A ideia era simples: mostrar um partido maduro por oposição a um partido recente, que ainda está verde. “Não é com taxas às empresas que poluem que vamos reduzir a poluição”, chegou a afirmar. “O BE propõe um programa assente na ferrovia, reconversão da indústria e queremos transformar o nosso território”, rematou.

Na resposta, André Silva não respondeu às provocações diretas e preferiu destacar as áreas onde havia convergência entre os dois partidos. A diferença far-se-ia por outras medidas do programa do PAN como a “democratização da produção de energia”. Uma proposta que prevê que um utilizador comum possa produzir e distribuir energia. “É possível legislarmos no sentido de democratizar a produção e distribuição de energia”.

Discordaram sobre a necessidade de nacionalizar mas concordaram que há barragens a mais. Catarina Martins tentava que André Silva se comprometesse com temas maiores, mais nacionais, André Silva preferia ficar-se pelas áreas onde estava mais confortável.

Catarina Martins trocou social-democracia por “eco-socialismo”

Já na reta final do debate, Catarina Martins foi desafiada pela moderadora, Clara de Sousa, a confirmar a frase que tinha dito em entrevista ao Observador onde apresentava o programa do BE como sendo “social-democrata”. A líder bloquista não quis responder diretamente, assim como evitou falar sobre a polémica gerada após ter afirmado que as barragens provocavam evaporação. Ia-se esquivando mas pressionada pela jornalista lá confessou que hoje em dia o “Bloco de Esquerda é um partido eco-socialista”.
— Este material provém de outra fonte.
lemma net_outdeg_eq_sum:
  assumes "finite E"
  shows "net_outdeg E D x = (\<Sum>e\<in>E. arc_excess (D e) x)"
proof -
  have "\<And>P. int (card {e\<in>E. P e}) = (\<Sum>e\<in>E. of_bool (P e))"
    using assms by (simp add: Collect_conj_eq Int_commute)
  then show ?thesis
    by (simp add: outdeg_def indeg_def arc_excess_def sum_subtractf)
qed

lemma arc_excess_path2: "arc_excess (a, v) x + arc_excess (v, b) x = arc_excess (a, b) x"
  by (simp add: arc_excess_def)

lemma sum_arc_excess_eq_0:
  assumes "multigraph V E ends" "F \<subseteq> E" "is_orientation F ends D"
  shows "(\<Sum>x\<in>V. \<Sum>e\<in>F. arc_excess (D e) x) = 0"
proof -
  have fin: "finite V" "finite F"
    using assms(1,2) finite_subset by (auto simp: multigraph_def)
  have "(\<Sum>x\<in>V. arc_excess (D e) x) = 0" if "e \<in> F" for e
  proof -
    have "D e = ends e \<or> D e = prod.swap (ends e)" "fst (ends e) \<in> V" "snd (ends e) \<in> V"
      using assms that by (auto simp: multigraph_def is_orientation_def)
    then have "fst (D e) \<in> V" "snd (D e) \<in> V"
      by auto
    then show ?thesis
      using fin by (simp add: arc_excess_def sum_subtractf)
  qed
  then show ?thesis
    by (subst sum.swap) simp
qed
lemma subgroup_local_bijections: "subgroup local_bijections (BijGroup (iwords d))"
proof (rule group.subgroupI[OF group_BijGroup])
  show "local_bijections \<subseteq> carrier (BijGroup (iwords d))"
    unfolding local_bijections_def by (auto simp: BijGroup_def)
  show "local_bijections \<noteq> {}"
    unfolding local_bijections_def using locally_by_restrict_id id_Bij by blast
next
  fix f assume "f \<in> local_bijections"
  then have f: "f \<in> Bij (iwords d)" "locally_by d H f" unfolding local_bijections_def by auto
  show "inv\<^bsub>BijGroup (iwords d)\<^esub> f \<in> local_bijections"
    unfolding local_bijections_def inv_BijGroup[OF f(1)]
    using restrict_inv_into_Bij[OF f(1)] locally_by_inv[OF f] by blast
next
  fix f1 f2 assume "f1 \<in> local_bijections" "f2 \<in> local_bijections"
  then show "f1 \<otimes>\<^bsub>BijGroup (iwords d)\<^esub> f2 \<in> local_bijections"
    unfolding local_bijections_def using compose_Bij locally_by_compose by (auto simp: BijGroup_def)
qed

lemma persistent_G_subset:
  assumes "persistent d G" and loc: "\<forall>g\<in>G. locally_by d H (\<lambda>w\<in>iwords d. iact g w)"
  shows "G \<subseteq> H"
proof
  fix g assume g: "g \<in> G"
  obtain x where x: "x < d" "section1 d g x = g"
    using assms(1) g unfolding persistent_def by blast
  define w where "w = (\<lambda>_::nat. x)"
  have w: "w \<in> iwords d" unfolding w_def iwords_def using x by simp
  obtain n u h where h: "h \<in> H" "u \<in> fwords d"
    and e: "\<forall>z\<in>iwords d. (\<lambda>w\<in>iwords d. iact g w) (conc (ipref w n) z) = conc u (iact h z)"
    using loc g w unfolding locally_by_def by blast
  have p: "ipref w n = replicate n x" "ipref w n \<in> fwords d"
    using ipref_in_fwords[OF w] unfolding w_def ipref_def by (auto simp: map_replicate_const)
  have "\<forall>z\<in>iwords d. conc (g (ipref w n)) (iact g z) = conc u (iact h z)"
    using e iact_conc[OF G_tree_aut[OF g] p(2)] conc_in_iwords[OF p(2)]
      wsection_replicate[OF G_extensional[OF g] x] p(1) by simp
  then have "g = h"
    using cylinder_action_unique[OF g _ tree_aut_in_fwords[OF G_tree_aut[OF g] p(2)] h(2)] h(1) H_subset
    by blast
  then show "g \<in> H" using h by simp
qed

end

lemma (in self_similar_group) state_closed_subgroup_generate:
  assumes "F \<subseteq> G" "\<forall>t\<in>F. \<forall>i<d. section1 d t i \<in> F"
  shows "state_closed_subgroup d G (generate Sym_fwords F)"
proof (intro state_closed_subgroup.intro[OF self_similar_group_axioms] state_closed_subgroup_axioms.intro)
  show "generate Sym_fwords F \<subseteq> G" using generate_subset_G[OF assms(1)] .
  show "subgroup (generate Sym_fwords F) Sym_fwords"
    using group.generate_is_subgroup[OF group_Sym_fwords] G_carrier assms(1) by blast
  show "\<forall>h\<in>generate Sym_fwords F. \<forall>u\<in>fwords d. wsection d h u \<in> generate Sym_fwords F"
    using wsection_generate[OF assms] by blast
qed

lemma leaves_subset_fwords: "complete_subtree d T \<Longrightarrow> leaves d T \<subseteq> fwords d"
  unfolding complete_subtree_def leaves_def by blast
lemma Ass_SR_ideal_avoids_facet_monomials:
  assumes "P \<in> Ass (poly_ring V) (SR_ideal V face :: 'k::comm_ring_1 mpoly set)"
  obtains F where "facet F" "\<And>k. Poly_Mapping.single (monomial_on F k) 1 \<notin> P"
proof -
  obtain g where g: "g \<in> poly_ring V" "g \<notin> SR_ideal V face"
    and P: "P = {h \<in> poly_ring V. h * g \<in> SR_ideal V face}"
    by (rule Ass_colon_witness[OF assms one_in_poly_ring])
  then obtain \<beta> where \<beta>: "\<beta> \<in> Poly_Mapping.keys g" "face (Poly_Mapping.keys \<beta>)"
    unfolding SR_ideal_eq_monomial_ideal monomial_ideal_def nonface_monomials_def poly_ring_def
    by (auto simp: Int_absorb2)
  then obtain F where F: "facet F" "Poly_Mapping.keys \<beta> \<subseteq> F"
    using face_subset_facet by blast
  have "Poly_Mapping.single (monomial_on F k) 1 \<notin> P" for k
  proof -
    define \<gamma> where "\<gamma> = monomial_on F k"
    have \<gamma>: "Poly_Mapping.keys \<gamma> \<subseteq> F" "Poly_Mapping.keys \<gamma> \<subseteq> V"
      unfolding \<gamma>_def using keys_monomial_on_subset[OF finite_facet[OF F(1)]] keys_monomial_on_facet[OF F(1)]
      by blast+
    have "Poly_Mapping.keys (\<beta> + \<gamma>) \<inter> V \<subseteq> F"
      using F(2) \<gamma>(1) by (auto simp: keys_add_monomial)
    then have "\<beta> + \<gamma> \<notin> nonface_monomials"
      using face_subset facet_def F(1) unfolding nonface_monomials_def by blast
    then have "g * Poly_Mapping.single \<gamma> 1 \<notin> SR_ideal V face"
      using \<beta>(1) unfolding SR_ideal_eq_monomial_ideal mult_single_in_monomial_ideal_iff[OF g(1) \<gamma>(2)]
      by blast
    then show ?thesis
      unfolding P \<gamma>_def by (simp add: mult.commute)
  qed
  with F(1) show thesis by (rule that)
qed

lemma Inter_ideal_pow_subset_symb_pow_SR_ideal:
  "(\<Inter>F\<in>Collect facet. ideal_pow (poly_ring V) (var_ideal V (V - F)) m)
     \<subseteq> (symb_pow (poly_ring V) (SR_ideal V face) m :: 'k::idom mpoly set)"
proof
  fix f :: "'k mpoly"
  assume f: "f \<in> (\<Inter>F\<in>Collect facet. ideal_pow (poly_ring V) (var_ideal V (V - F)) m)"
  then have f_F: "f \<in> monomial_ideal V (deg_at_least (V - F) m)" if "facet F" for F
    using that ideal_pow_var_ideal_complement_facet[OF that] by blast
  then have f_deg: "\<forall>\<mu>\<in>Poly_Mapping.keys f. \<mu> \<in> deg_at_least (V - F) m" if "facet F" for F
    using that unfolding monomial_ideal_def by blast
  obtain F0 where "facet F0" using ex_facet ..
  then have fR: "f \<in> poly_ring V"
    using f_F unfolding monomial_ideal_def by blast
  have "\<exists>s\<in>poly_ring V - P. s * f \<in> ideal_pow (poly_ring V) (SR_ideal V face) m"
    if P: "P \<in> Ass (poly_ring V) (SR_ideal V face)" for P
  proof -
    obtain F where F: "facet F" and notin: "\<And>k. Poly_Mapping.single (monomial_on F k) 1 \<notin> P"
      using Ass_SR_ideal_avoids_facet_monomials[OF P] by blast
    define \<gamma> where "\<gamma> = monomial_on F m"
    have \<gamma>: "Poly_Mapping.keys \<gamma> \<subseteq> V"
      unfolding \<gamma>_def by (rule keys_monomial_on_facet[OF F])
    have "\<forall>\<mu>\<in>Poly_Mapping.keys f. \<mu> + \<gamma> \<in> set_plus_power nonface_monomials m"
      unfolding \<gamma>_def using f_deg[OF F] shift_by_facet_in_nonface_power[OF F] by blast
    then have "f * Poly_Mapping.single \<gamma> 1 \<in> ideal_pow (poly_ring V) (SR_ideal V face) m"
      by (simp only: mult_single_in_monomial_ideal_iff[OF fR \<gamma>] ideal_pow_SR_ideal)
    then show ?thesis
      using notin[of m] single_in_poly_ring[OF \<gamma>] unfolding \<gamma>_def by (metis DiffI mult.commute)
  qed
  then show "f \<in> symb_pow (poly_ring V) (SR_ideal V face) m"
    unfolding symb_pow_def using fR by blast
qed

theorem symb_pow_SR_ideal_eq_Inter_facets:
  "symb_pow (poly_ring V) (SR_ideal V face) m
     = (\<Inter>F\<in>Collect facet. ideal_pow (poly_ring V) (var_ideal V (V - F)) m :: 'k::idom mpoly set)"
  by (intro equalityI INT_greatest Inter_ideal_pow_subset_symb_pow_SR_ideal)
    (auto dest: symb_pow_SR_ideal_subset_ideal_pow)

end

section \<open>Subtrees of the cycle\<close>

definition cycle_succ :: "nat \<Rightarrow> nat \<Rightarrow> nat" where
  "cycle_succ n k = (if k = n then 1 else Suc k)"

lemma qedge_iff_cycle_succ:
  "qedge n i j \<longleftrightarrow> i \<in> {1..n} \<and> j \<in> {1..n} \<and> (j = cycle_succ n i \<or> i = cycle_succ n j)"
  unfolding qedge_def cycle_succ_def by auto

definition induced_qedge :: "nat \<Rightarrow> nat set \<Rightarrow> nat \<Rightarrow> nat \<Rightarrow> bool" where
  "induced_qedge n S a b \<longleftrightarrow> a \<in> S \<and> b \<in> S \<and> qedge n a b"

lemma induces_tree_iff:
  "induces_tree n S \<longleftrightarrow> S \<subseteq> {1..n} \<and> S \<noteq> {} \<and> (\<forall>u\<in>S. \<forall>v\<in>S. (induced_qedge n S)\<^sup>*\<^sup>* u v)
     \<and> card {{i, j} | i j. i \<in> S \<and> j \<in> S \<and> qedge n i j} = card S - 1"
  unfolding induces_tree_def induced_qedge_def[abs_def] ..

lemma induced_qedge_rtranclp_sym: "(induced_qedge n S)\<^sup>*\<^sup>* u v \<Longrightarrow> (induced_qedge n S)\<^sup>*\<^sup>* v u"
  using symp_rtranclp[of "induced_qedge n S"] unfolding symp_def induced_qedge_def qedge_def by blast

lemma connected_if_common_target:
  assumes "\<And>u. u \<in> S \<Longrightarrow> (induced_qedge n S)\<^sup>*\<^sup>* u r"
  shows "\<forall>u\<in>S. \<forall>v\<in>S. (induced_qedge n S)\<^sup>*\<^sup>* u v"
  using assms induced_qedge_rtranclp_sym rtranclp_trans by metis

lemma interval_connected:
  assumes "{a..b} \<subseteq> S" "1 \<le> a" "b \<le> n" "u \<in> {a..b}" "v \<in> {a..b}"
  shows "(induced_qedge n S)\<^sup>*\<^sup>* u v"
proof -
  have "(induced_qedge n S)\<^sup>*\<^sup>* a w" if "w \<in> {a..b}" for w
  proof -
    have "a \<le> w" using that by simp
    then show ?thesis
    proof (induction w rule: dec_induct)
      case base
      show ?case by simp
    next
      case (step k)
      then have "induced_qedge n S k (Suc k)"
        using assms(1-3) that unfolding induced_qedge_def qedge_def by auto
      with step.IH show ?case by simp
    qed
  qed
  then show ?thesis
    using assms(4,5) induced_qedge_rtranclp_sym rtranclp_trans by metis
qed

lemma two_intervals_reach_last:
  assumes "1 \<le> i" "i + 2 \<le> n" "S = {1..i-1} \<union> {i+2..n}" "u \<in> S"
  shows "(induced_qedge n S)\<^sup>*\<^sup>* u n"
proof (cases "u < i")
  case True
  then have "u \<in> {1..i-1}"
    using assms(3,4) by auto
  then have "(induced_qedge n S)\<^sup>*\<^sup>* u 1"
    using assms(1,2) by (intro interval_connected[of 1 "i - 1"]) (auto simp: assms(3))
  moreover have "induced_qedge n S 1 n"
    using \<open>u \<in> {1..i-1}\<close> assms(2,3) unfolding induced_qedge_def qedge_def by auto
  ultimately show ?thesis by simp
next
  case False
  then have "u \<in> {i+2..n}"
    using assms(3,4) by auto
  then show ?thesis
    by (intro interval_connected[of "i + 2" n]) (auto simp: assms(3))
qed

lemma edge_complement_connected:
  assumes "3 \<le> n" "i \<in> {1..n}"
  defines "S \<equiv> {1..n} - {i, cycle_succ n i}"
  shows "\<forall>u\<in>S. \<forall>v\<in>S. (induced_qedge n S)\<^sup>*\<^sup>* u v"
proof -
  consider "i = n" | "i = n - 1" | "i \<le> n - 2"
    using assms(2) by fastforce
  then show ?thesis
  proof cases
    case 1
    then have "S = {2..n-1}"
      using assms by (auto simp: cycle_succ_def)
    then show ?thesis
      using interval_connected[of 2 "n - 1" S n] by auto
  next
    case 2
    then have "S = {1..n-2}"
      using assms by (auto simp: cycle_succ_def)
    then show ?thesis
      using interval_connected[of 1 "n - 2" S n] by auto
  next
    case 3
    then have "S = {1..i-1} \<union> {i+2..n}"
      using assms by (auto simp: cycle_succ_def)
    then show ?thesis
      using 3 assms(1,2) two_intervals_reach_last[of i n S]
      by (intro connected_if_common_target[of S n n]) auto
  qed
qed

lemma induced_edges_eq_image:
  assumes "S \<subseteq> {1..n}"
  shows "{{x, y} | x y. x \<in> S \<and> y \<in> S \<and> qedge n x y}
     = (\<lambda>k. {k, cycle_succ n k}) ` {k \<in> S. cycle_succ n k \<in> S}"
proof (intro equalityI subsetI)
  fix e assume "e \<in> {{x, y} | x y. x \<in> S \<and> y \<in> S \<and> qedge n x y}"
  then obtain x y where e: "e = {x, y}" "x \<in> S" "y \<in> S" "y = cycle_succ n x \<or> x = cycle_succ n y"
    unfolding qedge_iff_cycle_succ by blast
  then show "e \<in> (\<lambda>k. {k, cycle_succ n k}) ` {k \<in> S. cycle_succ n k \<in> S}"
    by (auto simp: insert_commute)
next
  fix e assume "e \<in> (\<lambda>k. {k, cycle_succ n k}) ` {k \<in> S. cycle_succ n k \<in> S}"
  then obtain k where "e = {k, cycle_succ n k}" "k \<in> S" "cycle_succ n k \<in> S"
    by blast
  moreover have "qedge n k (cycle_succ n k)"
    using calculation assms unfolding qedge_iff_cycle_succ by blast
  ultimately show "e \<in> {{x, y} | x y. x \<in> S \<and> y \<in> S \<and> qedge n x y}"
    by blast
qed

lemma card_induced_edges_edge_complement:
  assumes "3 \<le> n" "i \<in> {1..n}"
  defines "S \<equiv> {1..n} - {i, cycle_succ n i}"
  shows "card {{x, y} | x y. x \<in> S \<and> y \<in> S \<and> qedge n x y} = n - 3"
proof -
  have edges: "{{x, y} | x y. x \<in> S \<and> y \<in> S \<and> qedge n x y}
      = (\<lambda>k. {k, cycle_succ n k}) ` {k \<in> S. cycle_succ n k \<in> S}"
    unfolding S_def by (rule induced_edges_eq_image) blast
  have inj: "inj_on (\<lambda>k. {k, cycle_succ n k}) {1..n}"
    using assms(1) unfolding inj_on_def doubleton_eq_iff cycle_succ_def by auto
  have "card {{x, y} | x y. x \<in> S \<and> y \<in> S \<and> qedge n x y} = card {k \<in> S. cycle_succ n k \<in> S}"
    unfolding edges by (rule card_image[OF inj_on_subset[OF inj]]) (auto simp: S_def)
  also have "{k \<in> S. cycle_succ n k \<in> S} = {1..n} - {i, cycle_succ n i, if i = 1 then n else i - 1}"
    using assms(1,2) unfolding S_def cycle_succ_def by auto
  also have "card \<dots> = n - 3"
    using assms(1,2) by (subst card_Diff_subset) (auto simp: cycle_succ_def)
  finally show ?thesis .
qed

lemma edge_complement_in_subtrees:
  assumes "3 \<le> n" "qedge n i j"
  shows "{1..n} - {i, j} \<in> subtrees (n - 2) n"
proof -
  have succ: "{1..n} - {k, cycle_succ n k} \<in> subtrees (n - 2) n" if k: "k \<in> {1..n}" for k
  proof -
    define S where "S = {1..n} - {k, cycle_succ n k}"
    have "card {k, cycle_succ n k} = 2" "{k, cycle_succ n k} \<subseteq> {1..n}"
      using assms(1) k by (auto simp: cycle_succ_def)
    then have "card S = n - 2"
      unfolding S_def by (subst card_Diff_subset) auto
    moreover have "S \<noteq> {}"
      using \<open>card S = n - 2\<close> assms(1) by auto
    moreover have "induces_tree n S"
      unfolding induces_tree_iff
      using edge_complement_connected[OF assms(1) k] card_induced_edges_edge_complement[OF assms(1) k]
        \<open>card S = n - 2\<close> \<open>S \<noteq> {}\<close>
      unfolding S_def by auto
    ultimately show ?thesis
      unfolding subtrees_def S_def by blast
  qed
  from assms(2) have "i \<in> {1..n}" "j \<in> {1..n}" "j = cycle_succ n i \<or> i = cycle_succ n j"
    unfolding qedge_iff_cycle_succ by auto
  then show ?thesis
    using succ by (metis insert_commute)
qed

lemma induced_walk_stays_between:
  assumes "i \<in> {1..n}" "j \<in> {1..n}" "i \<notin> S" "j \<notin> S" "i < u" "u < j"
    and "(induced_qedge n S)\<^sup>*\<^sup>* u w"
  shows "i < w \<and> w < j"
  using assms(7)
proof (induction rule: rtranclp_induct)
  case base
  show ?case using assms(5,6) by simp
next
  case (step y z)
  then have "qedge n y z" "z \<noteq> i" "z \<noteq> j"
    using assms(3,4) unfolding induced_qedge_def by auto
  then show ?case
    using step.IH assms(1,2) unfolding qedge_def by auto
qed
Já André Silva considerou que “o programa do BE é um programa com respostas socialistas”. Quanto ao seu próprio partido que recusou auto-rotular-se. “O PAN não se situa nem à esquerda nem à direita porque o modelo económico vigente não é o capitalismo: é o produtivismo-extrativismo“. E concretizou: “Vivemos numa economia de mercado que o PAN respeita e não diaboliza”.

Quando parecia que o debate se encaminhava para o fim já sem grandes discordâncias à vista, Catarina Martins voltou a insistir na questão da nacionalização da EDP. “O PAN acha que vamos pedir por favor ao estado chinês para ter cuidado com o clima ou vamos ter de ser nós a agir”. André Silva respondeu que “nacionalizações ou privatizações não são a base” mas sim “o mecanismo” de uma visão diferente da estratégia para energia.

“Às vezes tenho uma certa pena de que o PAN, que compreende a solidariedade do ponto de vista do ecossistema, tenha depois dificuldade em ter solidariedade com a nossa democracia”, concluiu Catarina Martins.

Certo é que o debate terminou com Catarina Martins e André Silva de novo em convergência e, aparentemente, amigáveis. “O André é um lutador pelas suas convicções. Merece a admiração de quem tem visto este percurso, apesar das divergências”, salientou a líder do BE. André Silva concluiu o debate a criticar António Costa por não dar prioridade ao combate às alterações climáticas, como o PAN ou o BE.